AIM OF THE EXERCISE: Up to and including the line containing "(simp_all add: cycle_rev_mcycles", set down each line of the entries below exactly, starting from the first, and leave out the rest.

ENTRIES PROVIDED:
lemma trace_Tm_zero_eq_sum_cos:
  "trace_Tm nu src tgt tau alpha V n 0 =
    (\<Sum>c\<in>{c\<in>mcycles nu src tgt n. cyc_index tau c = 0}.
       complex_of_real (cyc_weight src V c * cos (cyc_flux alpha c)))"
  unfolding trace_Tm_def
  by (rule sum_exp_neg_phase_eq_sum_cos[where r = "cycle_rev einv"
        and w = "cyc_weight src V" and f = "cyc_flux alpha"])
     (simp_all add: cycle_rev_mcycles cycle_rev_cycle_rev cyc_weight_cycle_rev cyc_flux_cycle_rev
                    cyc_index_cycle_rev)

end

section \<open>Fourier expansion in the quasimomentum\<close>

definition real_of_int_vec :: "int^'d::finite \<Rightarrow> real^'d" where
  "real_of_int_vec m = (\<chi> i. real_of_int (m $ i))"

lemma real_of_int_vec_add: "real_of_int_vec (a + b) = real_of_int_vec a + real_of_int_vec b"
  by (simp add: real_of_int_vec_def Finite_Cartesian_Product.vec_eq_iff)

lemma ivnorm_eq_norm: "ivnorm m = norm (real_of_int_vec m)"
  by (simp add: ivnorm_def norm_vec_def L2_set_def real_of_int_vec_def)

lemma ivnorm_le_tau_plus: "ivnorm (tau e) \<le> tau_plus tau"
  unfolding tau_plus_def by (rule Max_ge) auto

lemma tau_plus_nonneg: "0 \<le> tau_plus tau"
  using ivnorm_le_tau_plus[of tau undefined] by (simp add: ivnorm_eq_norm order_trans[OF norm_ge_zero])

lemma ivnorm_cyc_index_le: "ivnorm (cyc_index tau c) \<le> real (length c) * tau_plus tau"
proof (induction c)
  case Nil
  then show ?case by (simp add: cyc_index_def ivnorm_def)
next
  case (Cons a c)
  have a: "ivnorm (mtau tau a) \<le> tau_plus tau"
    using ivnorm_le_tau_plus[of tau] tau_plus_nonneg[of tau] by (cases a) (auto simp: ivnorm_def)
  have "ivnorm (cyc_index tau (a # c)) \<le> ivnorm (mtau tau a) + ivnorm (cyc_index tau c)"
    by (simp add: cyc_index_def ivnorm_eq_norm real_of_int_vec_add norm_triangle_ineq)
  with a Cons.IH show ?case by (simp add: algebra_simps)
qed

lemma finite_ivnorm_le: "finite {m :: int^'d::finite. ivnorm m \<le> R}"
proof -
  define N where "N = \<lceil>R\<rceil>"
  have "m $ i \<in> {-N..N}" if "ivnorm m \<le> R" for m :: "int^'d" and i
  proof -
    have "real_of_int \<bar>m $ i\<bar> \<le> norm (real_of_int_vec m)"
      using component_le_norm_cart[of "real_of_int_vec m" i] by (simp add: real_of_int_vec_def)
    with that have "\<bar>m $ i\<bar> \<le> N" unfolding N_def ivnorm_eq_norm by linarith
    then show ?thesis by (auto simp: abs_le_iff)
  qed
  then have "{m :: int^'d. ivnorm m \<le> R} \<subseteq> vec_lambda ` Pi\<^sub>E UNIV (\<lambda>_. {-N..N})"
    by (auto intro!: image_eqI[where x = "vec_nth _"])
  then show ?thesis
    by (rule finite_subset) (intro finite_imageI finite_PiE, auto)
qed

OUTPUT FOR THIS EXERCISE:
lemma trace_Tm_zero_eq_sum_cos:
  "trace_Tm nu src tgt tau alpha V n 0 =
    (\<Sum>c\<in>{c\<in>mcycles nu src tgt n. cyc_index tau c = 0}.
       complex_of_real (cyc_weight src V c * cos (cyc_flux alpha c)))"
  unfolding trace_Tm_def
  by (rule sum_exp_neg_phase_eq_sum_cos[where r = "cycle_rev einv"
        and w = "cyc_weight src V" and f = "cyc_flux alpha"])
     (simp_all add: cycle_rev_mcycles cycle_rev_cycle_rev cyc_weight_cycle_rev cyc_flux_cycle_rev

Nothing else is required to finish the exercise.